YOUR OBJECTIVE
Look through the records, and whenever a line includes the word "imports", copy it.

PROVIDED RECORDS
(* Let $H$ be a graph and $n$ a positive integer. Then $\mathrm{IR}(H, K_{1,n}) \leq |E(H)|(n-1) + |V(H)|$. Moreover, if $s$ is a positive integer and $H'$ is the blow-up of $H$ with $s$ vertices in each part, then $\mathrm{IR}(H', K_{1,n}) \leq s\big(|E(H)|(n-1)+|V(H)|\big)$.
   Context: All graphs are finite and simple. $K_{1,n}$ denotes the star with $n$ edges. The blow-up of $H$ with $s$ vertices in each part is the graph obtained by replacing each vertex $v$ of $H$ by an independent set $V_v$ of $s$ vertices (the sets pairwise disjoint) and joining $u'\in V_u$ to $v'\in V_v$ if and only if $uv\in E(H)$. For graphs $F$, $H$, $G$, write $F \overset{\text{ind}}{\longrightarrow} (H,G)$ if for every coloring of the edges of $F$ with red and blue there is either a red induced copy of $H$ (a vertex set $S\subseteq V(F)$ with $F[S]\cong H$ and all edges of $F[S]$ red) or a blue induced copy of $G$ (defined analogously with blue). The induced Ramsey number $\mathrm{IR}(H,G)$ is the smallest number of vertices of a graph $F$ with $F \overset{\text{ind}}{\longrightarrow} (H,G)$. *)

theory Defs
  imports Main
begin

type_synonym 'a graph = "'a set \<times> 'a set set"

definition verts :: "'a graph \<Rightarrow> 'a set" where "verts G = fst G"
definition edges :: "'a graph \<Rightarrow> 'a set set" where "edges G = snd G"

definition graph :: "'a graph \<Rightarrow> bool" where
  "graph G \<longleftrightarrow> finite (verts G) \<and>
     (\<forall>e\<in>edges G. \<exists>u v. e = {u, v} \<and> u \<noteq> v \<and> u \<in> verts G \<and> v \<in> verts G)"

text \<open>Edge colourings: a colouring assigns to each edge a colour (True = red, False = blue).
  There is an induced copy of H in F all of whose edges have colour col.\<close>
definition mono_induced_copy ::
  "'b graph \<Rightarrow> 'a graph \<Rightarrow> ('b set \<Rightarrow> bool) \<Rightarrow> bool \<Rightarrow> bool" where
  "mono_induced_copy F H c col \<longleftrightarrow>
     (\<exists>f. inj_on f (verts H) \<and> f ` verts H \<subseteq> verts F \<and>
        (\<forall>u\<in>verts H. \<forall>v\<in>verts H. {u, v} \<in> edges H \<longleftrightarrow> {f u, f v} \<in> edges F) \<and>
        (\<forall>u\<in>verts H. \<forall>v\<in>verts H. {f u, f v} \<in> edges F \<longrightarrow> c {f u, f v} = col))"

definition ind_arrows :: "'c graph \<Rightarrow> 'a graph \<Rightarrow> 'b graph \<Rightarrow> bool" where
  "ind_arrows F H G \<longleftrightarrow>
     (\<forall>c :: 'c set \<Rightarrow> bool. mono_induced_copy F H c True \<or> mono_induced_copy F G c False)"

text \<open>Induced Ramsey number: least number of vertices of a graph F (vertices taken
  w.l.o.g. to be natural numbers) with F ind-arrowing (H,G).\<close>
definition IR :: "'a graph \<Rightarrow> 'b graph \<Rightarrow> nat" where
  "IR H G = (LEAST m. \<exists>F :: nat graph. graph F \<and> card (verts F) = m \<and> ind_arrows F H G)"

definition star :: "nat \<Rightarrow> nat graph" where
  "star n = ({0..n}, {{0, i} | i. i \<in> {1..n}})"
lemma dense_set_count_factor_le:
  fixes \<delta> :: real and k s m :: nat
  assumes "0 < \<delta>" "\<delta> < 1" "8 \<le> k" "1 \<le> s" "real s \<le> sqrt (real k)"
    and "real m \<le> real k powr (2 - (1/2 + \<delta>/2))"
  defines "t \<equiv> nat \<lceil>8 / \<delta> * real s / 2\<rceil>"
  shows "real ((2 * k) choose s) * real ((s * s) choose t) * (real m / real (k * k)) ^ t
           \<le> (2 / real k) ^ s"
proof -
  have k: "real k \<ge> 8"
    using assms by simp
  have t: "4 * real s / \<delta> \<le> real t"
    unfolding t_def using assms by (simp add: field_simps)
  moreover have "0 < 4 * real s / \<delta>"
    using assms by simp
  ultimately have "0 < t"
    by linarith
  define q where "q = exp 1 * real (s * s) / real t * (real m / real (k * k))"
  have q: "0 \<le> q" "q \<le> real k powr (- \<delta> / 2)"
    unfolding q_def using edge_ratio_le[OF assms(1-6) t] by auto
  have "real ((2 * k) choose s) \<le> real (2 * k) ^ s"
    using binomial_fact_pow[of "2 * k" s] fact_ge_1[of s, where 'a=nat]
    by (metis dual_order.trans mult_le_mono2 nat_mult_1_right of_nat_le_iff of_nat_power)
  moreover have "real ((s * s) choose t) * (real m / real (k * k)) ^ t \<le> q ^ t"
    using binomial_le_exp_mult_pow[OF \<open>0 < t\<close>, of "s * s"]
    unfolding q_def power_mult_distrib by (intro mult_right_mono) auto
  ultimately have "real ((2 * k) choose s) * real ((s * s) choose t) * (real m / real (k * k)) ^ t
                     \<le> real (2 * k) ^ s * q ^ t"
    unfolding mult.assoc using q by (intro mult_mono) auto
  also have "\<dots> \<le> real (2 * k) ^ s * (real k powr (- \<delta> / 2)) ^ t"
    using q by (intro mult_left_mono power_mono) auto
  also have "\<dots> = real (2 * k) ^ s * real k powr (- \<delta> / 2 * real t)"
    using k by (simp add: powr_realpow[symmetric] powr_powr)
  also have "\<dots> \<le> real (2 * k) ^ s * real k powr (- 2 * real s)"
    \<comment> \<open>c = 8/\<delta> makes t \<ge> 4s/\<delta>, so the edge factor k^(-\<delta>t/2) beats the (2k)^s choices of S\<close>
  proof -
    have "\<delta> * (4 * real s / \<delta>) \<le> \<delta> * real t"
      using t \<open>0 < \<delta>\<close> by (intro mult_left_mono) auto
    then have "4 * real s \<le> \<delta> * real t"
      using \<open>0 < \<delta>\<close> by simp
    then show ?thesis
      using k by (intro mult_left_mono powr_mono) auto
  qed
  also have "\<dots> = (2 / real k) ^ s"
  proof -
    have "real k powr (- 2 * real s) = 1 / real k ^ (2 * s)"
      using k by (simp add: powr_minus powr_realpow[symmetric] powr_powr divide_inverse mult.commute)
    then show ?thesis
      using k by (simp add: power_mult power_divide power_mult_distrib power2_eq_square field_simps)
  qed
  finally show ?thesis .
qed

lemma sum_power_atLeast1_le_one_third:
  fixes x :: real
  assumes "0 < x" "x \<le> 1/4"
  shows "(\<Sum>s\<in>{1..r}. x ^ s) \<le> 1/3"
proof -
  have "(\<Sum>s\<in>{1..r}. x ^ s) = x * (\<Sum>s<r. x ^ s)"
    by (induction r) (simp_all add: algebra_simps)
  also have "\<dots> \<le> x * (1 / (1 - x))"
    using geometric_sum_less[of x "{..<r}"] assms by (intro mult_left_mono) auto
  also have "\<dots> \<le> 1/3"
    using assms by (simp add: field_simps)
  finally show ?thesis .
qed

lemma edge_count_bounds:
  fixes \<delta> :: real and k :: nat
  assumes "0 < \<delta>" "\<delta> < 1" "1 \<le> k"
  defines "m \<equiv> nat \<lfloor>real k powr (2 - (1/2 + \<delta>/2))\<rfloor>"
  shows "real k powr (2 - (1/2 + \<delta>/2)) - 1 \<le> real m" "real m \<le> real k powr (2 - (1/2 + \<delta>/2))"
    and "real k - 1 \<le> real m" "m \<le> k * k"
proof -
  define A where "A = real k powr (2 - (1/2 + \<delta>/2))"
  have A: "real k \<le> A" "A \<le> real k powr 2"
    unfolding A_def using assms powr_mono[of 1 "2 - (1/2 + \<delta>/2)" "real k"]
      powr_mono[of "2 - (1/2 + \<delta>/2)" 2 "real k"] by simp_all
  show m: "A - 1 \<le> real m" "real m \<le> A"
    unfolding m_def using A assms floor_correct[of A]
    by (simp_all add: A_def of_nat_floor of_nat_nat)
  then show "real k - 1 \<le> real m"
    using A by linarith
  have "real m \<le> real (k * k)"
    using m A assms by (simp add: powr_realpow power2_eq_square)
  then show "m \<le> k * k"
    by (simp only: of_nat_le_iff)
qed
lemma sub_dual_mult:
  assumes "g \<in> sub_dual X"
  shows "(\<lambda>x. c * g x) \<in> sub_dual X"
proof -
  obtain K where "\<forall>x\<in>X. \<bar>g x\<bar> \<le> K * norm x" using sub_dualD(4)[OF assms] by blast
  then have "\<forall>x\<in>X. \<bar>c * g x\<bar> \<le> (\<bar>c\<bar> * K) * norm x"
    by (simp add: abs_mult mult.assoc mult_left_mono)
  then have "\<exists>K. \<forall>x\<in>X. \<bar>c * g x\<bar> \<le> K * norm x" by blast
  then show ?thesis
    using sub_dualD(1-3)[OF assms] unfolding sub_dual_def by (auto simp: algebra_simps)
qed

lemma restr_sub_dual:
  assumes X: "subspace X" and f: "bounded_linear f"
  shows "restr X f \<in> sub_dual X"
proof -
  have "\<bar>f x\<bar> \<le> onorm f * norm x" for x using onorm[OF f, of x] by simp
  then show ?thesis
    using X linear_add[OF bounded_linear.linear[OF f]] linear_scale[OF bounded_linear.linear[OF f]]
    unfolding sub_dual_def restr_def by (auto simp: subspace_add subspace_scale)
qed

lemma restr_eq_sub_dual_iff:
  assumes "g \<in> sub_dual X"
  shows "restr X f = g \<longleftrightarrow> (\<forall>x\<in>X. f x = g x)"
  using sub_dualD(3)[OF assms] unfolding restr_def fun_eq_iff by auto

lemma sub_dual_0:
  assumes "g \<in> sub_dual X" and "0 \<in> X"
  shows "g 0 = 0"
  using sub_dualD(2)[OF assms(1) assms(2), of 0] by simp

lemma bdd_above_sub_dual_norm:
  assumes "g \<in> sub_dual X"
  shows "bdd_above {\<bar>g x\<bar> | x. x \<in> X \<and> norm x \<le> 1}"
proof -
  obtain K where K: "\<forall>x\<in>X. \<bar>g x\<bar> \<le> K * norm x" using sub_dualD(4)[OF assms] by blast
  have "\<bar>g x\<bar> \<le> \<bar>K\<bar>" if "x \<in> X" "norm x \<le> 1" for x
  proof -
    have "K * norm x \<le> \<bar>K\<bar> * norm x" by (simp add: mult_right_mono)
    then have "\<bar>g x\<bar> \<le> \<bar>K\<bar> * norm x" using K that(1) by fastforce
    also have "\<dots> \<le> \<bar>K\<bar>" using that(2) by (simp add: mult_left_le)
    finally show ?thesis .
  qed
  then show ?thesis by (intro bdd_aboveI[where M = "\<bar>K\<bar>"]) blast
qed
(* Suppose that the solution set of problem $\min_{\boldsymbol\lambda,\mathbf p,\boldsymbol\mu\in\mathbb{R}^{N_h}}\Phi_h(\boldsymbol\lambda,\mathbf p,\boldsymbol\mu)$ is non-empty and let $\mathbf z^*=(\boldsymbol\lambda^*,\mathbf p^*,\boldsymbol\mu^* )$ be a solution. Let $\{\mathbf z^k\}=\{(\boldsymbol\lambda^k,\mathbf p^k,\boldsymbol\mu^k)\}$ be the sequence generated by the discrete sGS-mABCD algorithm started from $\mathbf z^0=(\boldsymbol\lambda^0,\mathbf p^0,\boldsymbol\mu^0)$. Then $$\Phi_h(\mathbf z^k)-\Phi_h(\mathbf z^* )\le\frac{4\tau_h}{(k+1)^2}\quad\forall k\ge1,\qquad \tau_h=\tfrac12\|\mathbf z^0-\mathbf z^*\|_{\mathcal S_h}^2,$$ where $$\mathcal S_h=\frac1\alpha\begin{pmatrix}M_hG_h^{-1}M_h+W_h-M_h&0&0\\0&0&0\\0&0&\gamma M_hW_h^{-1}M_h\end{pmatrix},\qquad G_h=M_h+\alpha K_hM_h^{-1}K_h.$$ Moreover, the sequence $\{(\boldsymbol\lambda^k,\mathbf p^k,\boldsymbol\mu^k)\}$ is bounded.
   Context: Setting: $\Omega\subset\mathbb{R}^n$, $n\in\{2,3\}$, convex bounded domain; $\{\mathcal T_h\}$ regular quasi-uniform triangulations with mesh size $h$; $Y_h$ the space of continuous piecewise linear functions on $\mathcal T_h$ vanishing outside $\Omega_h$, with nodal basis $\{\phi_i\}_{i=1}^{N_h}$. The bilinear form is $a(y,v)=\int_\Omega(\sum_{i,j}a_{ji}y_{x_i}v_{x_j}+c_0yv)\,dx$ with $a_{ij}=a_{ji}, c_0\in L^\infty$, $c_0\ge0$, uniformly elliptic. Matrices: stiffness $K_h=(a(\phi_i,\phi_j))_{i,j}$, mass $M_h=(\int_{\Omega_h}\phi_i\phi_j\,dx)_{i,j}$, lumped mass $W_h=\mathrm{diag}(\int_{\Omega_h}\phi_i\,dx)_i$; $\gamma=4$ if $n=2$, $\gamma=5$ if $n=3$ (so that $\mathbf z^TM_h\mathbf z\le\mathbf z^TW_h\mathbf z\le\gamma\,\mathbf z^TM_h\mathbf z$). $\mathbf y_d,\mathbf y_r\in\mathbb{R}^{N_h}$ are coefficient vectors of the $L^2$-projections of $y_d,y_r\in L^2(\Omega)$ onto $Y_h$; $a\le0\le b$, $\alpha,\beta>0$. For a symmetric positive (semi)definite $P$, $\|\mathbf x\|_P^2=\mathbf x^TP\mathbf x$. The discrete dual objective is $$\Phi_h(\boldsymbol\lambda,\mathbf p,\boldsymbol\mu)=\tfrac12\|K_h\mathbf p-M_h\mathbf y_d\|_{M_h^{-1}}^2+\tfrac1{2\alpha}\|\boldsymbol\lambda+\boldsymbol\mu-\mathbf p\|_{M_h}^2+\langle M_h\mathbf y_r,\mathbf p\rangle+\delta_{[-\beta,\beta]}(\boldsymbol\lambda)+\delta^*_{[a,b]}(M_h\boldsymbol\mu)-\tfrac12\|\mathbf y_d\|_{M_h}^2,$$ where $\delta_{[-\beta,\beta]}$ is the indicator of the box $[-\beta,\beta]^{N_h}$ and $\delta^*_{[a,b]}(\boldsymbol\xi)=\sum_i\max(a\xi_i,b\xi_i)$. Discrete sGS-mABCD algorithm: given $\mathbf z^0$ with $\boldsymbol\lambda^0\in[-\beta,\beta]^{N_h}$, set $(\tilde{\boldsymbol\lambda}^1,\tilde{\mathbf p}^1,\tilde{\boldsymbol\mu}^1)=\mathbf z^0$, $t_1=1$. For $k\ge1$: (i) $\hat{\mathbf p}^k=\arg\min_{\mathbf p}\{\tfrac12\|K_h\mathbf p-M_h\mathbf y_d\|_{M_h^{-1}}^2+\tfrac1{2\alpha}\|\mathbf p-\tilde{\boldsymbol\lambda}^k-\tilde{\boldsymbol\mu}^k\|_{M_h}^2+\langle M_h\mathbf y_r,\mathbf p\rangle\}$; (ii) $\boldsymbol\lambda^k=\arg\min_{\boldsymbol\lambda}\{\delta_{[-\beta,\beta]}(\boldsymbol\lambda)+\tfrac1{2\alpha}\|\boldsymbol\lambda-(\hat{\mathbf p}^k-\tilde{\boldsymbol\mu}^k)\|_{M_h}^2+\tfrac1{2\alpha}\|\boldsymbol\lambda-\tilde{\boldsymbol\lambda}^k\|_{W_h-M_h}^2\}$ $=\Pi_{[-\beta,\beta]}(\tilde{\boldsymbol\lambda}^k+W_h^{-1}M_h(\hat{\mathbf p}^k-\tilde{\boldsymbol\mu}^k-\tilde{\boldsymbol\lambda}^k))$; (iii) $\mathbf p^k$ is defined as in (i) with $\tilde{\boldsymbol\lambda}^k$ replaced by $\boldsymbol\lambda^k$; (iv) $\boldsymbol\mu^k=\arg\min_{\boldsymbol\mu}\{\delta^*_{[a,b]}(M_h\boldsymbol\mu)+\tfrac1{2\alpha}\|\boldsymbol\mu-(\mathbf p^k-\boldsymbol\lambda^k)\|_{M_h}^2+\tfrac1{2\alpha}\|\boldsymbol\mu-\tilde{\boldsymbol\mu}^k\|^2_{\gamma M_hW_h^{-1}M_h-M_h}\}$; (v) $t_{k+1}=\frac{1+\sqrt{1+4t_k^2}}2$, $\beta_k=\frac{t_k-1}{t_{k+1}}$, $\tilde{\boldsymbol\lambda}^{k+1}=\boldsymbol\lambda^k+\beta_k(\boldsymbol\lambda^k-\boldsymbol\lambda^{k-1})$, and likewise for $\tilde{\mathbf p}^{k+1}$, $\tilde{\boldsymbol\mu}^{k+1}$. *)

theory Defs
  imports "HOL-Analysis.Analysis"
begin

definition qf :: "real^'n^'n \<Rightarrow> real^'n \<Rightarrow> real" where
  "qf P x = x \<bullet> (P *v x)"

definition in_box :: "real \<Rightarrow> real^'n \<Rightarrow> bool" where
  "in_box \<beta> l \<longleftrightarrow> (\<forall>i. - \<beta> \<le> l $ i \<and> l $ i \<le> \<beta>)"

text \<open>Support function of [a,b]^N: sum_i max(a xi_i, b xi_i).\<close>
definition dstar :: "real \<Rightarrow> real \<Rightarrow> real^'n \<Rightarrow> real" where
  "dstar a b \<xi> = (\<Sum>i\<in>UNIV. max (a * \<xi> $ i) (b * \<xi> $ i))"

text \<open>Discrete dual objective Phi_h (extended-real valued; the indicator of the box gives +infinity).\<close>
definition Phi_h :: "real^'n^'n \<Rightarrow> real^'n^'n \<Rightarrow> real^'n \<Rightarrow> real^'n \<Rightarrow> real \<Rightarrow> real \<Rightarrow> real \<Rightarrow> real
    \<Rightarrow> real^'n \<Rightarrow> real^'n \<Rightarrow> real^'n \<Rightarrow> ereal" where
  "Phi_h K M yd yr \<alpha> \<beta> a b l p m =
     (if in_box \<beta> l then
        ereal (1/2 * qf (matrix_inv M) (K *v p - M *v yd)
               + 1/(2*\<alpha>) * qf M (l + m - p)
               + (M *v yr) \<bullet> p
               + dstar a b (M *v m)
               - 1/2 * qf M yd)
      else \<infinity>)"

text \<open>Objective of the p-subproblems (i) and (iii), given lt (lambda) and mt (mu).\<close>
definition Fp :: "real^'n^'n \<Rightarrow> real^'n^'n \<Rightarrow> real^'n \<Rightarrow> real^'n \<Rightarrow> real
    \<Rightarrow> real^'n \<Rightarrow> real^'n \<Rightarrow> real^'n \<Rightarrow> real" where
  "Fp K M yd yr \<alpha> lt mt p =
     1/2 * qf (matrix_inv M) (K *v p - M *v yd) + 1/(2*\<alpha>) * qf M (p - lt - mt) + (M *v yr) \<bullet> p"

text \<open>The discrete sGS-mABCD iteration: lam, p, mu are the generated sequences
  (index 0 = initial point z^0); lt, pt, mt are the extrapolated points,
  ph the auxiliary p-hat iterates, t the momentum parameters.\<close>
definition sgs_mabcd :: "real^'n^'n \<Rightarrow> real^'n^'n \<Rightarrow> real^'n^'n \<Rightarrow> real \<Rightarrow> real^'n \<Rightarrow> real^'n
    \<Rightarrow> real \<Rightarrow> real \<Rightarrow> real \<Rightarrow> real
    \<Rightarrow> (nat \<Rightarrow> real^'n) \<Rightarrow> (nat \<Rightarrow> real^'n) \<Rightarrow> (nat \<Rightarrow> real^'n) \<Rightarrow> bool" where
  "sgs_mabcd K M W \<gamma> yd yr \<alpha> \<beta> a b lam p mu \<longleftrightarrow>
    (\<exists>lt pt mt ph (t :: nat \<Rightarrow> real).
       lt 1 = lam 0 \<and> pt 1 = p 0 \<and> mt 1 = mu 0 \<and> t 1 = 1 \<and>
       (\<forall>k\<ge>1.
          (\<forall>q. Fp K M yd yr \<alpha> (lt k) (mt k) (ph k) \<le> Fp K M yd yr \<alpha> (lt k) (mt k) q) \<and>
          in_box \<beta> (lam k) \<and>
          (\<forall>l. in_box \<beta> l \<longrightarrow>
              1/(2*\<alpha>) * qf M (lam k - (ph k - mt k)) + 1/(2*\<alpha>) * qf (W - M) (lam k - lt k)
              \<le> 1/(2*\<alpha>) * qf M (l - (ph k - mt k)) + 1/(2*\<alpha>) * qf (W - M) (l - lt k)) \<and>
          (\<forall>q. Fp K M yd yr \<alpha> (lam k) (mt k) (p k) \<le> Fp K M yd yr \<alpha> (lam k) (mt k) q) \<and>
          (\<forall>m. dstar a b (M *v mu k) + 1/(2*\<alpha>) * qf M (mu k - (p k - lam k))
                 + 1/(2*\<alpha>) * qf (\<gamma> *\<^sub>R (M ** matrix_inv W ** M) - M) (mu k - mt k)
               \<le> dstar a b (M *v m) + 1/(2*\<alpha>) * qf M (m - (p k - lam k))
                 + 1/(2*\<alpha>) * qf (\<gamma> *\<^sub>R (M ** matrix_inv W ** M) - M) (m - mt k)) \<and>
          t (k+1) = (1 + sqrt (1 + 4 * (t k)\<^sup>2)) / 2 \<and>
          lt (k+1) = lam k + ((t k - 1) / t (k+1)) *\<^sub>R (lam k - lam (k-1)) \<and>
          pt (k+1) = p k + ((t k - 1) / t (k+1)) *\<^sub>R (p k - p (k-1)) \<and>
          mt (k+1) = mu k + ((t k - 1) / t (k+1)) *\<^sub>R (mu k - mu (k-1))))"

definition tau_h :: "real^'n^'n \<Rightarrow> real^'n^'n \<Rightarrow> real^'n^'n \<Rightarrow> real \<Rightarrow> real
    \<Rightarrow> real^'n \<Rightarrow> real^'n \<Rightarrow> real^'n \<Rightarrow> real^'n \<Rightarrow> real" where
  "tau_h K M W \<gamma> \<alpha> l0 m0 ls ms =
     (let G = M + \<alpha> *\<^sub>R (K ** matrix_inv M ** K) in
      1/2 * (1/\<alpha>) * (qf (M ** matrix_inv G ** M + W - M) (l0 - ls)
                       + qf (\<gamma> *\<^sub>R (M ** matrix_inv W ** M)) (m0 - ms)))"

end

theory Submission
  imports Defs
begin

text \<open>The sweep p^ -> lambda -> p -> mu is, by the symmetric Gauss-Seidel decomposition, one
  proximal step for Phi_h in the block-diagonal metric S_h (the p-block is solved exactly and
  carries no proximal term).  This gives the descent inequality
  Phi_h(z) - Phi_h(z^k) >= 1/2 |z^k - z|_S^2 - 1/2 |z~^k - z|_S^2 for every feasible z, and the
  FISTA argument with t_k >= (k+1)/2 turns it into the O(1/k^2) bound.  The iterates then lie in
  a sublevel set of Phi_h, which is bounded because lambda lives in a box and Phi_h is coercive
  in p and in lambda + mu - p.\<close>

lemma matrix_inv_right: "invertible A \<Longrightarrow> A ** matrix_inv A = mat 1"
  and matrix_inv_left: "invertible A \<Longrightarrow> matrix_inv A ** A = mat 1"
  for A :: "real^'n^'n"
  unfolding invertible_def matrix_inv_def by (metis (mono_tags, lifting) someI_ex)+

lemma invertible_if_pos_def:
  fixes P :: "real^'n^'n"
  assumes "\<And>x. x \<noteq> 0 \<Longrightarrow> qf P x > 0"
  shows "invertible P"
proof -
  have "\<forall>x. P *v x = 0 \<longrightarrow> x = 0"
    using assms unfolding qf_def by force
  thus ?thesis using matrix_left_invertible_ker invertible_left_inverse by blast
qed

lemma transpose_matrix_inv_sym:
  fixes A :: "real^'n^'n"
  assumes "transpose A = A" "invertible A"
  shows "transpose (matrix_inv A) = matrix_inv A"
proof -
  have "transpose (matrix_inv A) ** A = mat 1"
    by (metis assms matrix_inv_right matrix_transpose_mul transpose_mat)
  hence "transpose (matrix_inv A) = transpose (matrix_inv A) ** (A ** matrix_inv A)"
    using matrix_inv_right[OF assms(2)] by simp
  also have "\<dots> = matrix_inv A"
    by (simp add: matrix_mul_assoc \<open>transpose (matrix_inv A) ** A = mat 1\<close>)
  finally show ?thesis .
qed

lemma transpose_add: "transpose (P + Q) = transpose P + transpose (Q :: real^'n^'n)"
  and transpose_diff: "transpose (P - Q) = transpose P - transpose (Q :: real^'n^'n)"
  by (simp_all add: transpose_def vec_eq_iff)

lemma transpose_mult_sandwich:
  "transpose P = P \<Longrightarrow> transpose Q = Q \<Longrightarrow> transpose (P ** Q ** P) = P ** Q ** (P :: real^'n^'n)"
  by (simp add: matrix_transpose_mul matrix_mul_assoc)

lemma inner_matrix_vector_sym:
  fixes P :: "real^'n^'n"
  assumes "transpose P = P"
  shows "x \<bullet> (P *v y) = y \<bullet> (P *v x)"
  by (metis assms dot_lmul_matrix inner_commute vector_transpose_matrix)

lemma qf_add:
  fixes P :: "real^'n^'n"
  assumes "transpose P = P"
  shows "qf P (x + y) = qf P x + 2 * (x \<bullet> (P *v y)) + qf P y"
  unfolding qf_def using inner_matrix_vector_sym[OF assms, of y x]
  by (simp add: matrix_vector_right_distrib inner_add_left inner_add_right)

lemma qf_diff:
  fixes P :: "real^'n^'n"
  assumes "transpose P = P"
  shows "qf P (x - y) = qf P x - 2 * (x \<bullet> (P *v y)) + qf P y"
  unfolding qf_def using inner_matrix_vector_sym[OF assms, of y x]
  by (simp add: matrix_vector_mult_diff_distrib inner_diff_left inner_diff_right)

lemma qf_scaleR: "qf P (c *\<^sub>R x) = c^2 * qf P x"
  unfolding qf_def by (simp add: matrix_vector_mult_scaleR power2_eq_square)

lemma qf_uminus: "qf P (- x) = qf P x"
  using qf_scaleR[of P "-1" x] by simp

OUTPUT BELOW
  imports Main
  imports "HOL-Analysis.Analysis"
  imports Defs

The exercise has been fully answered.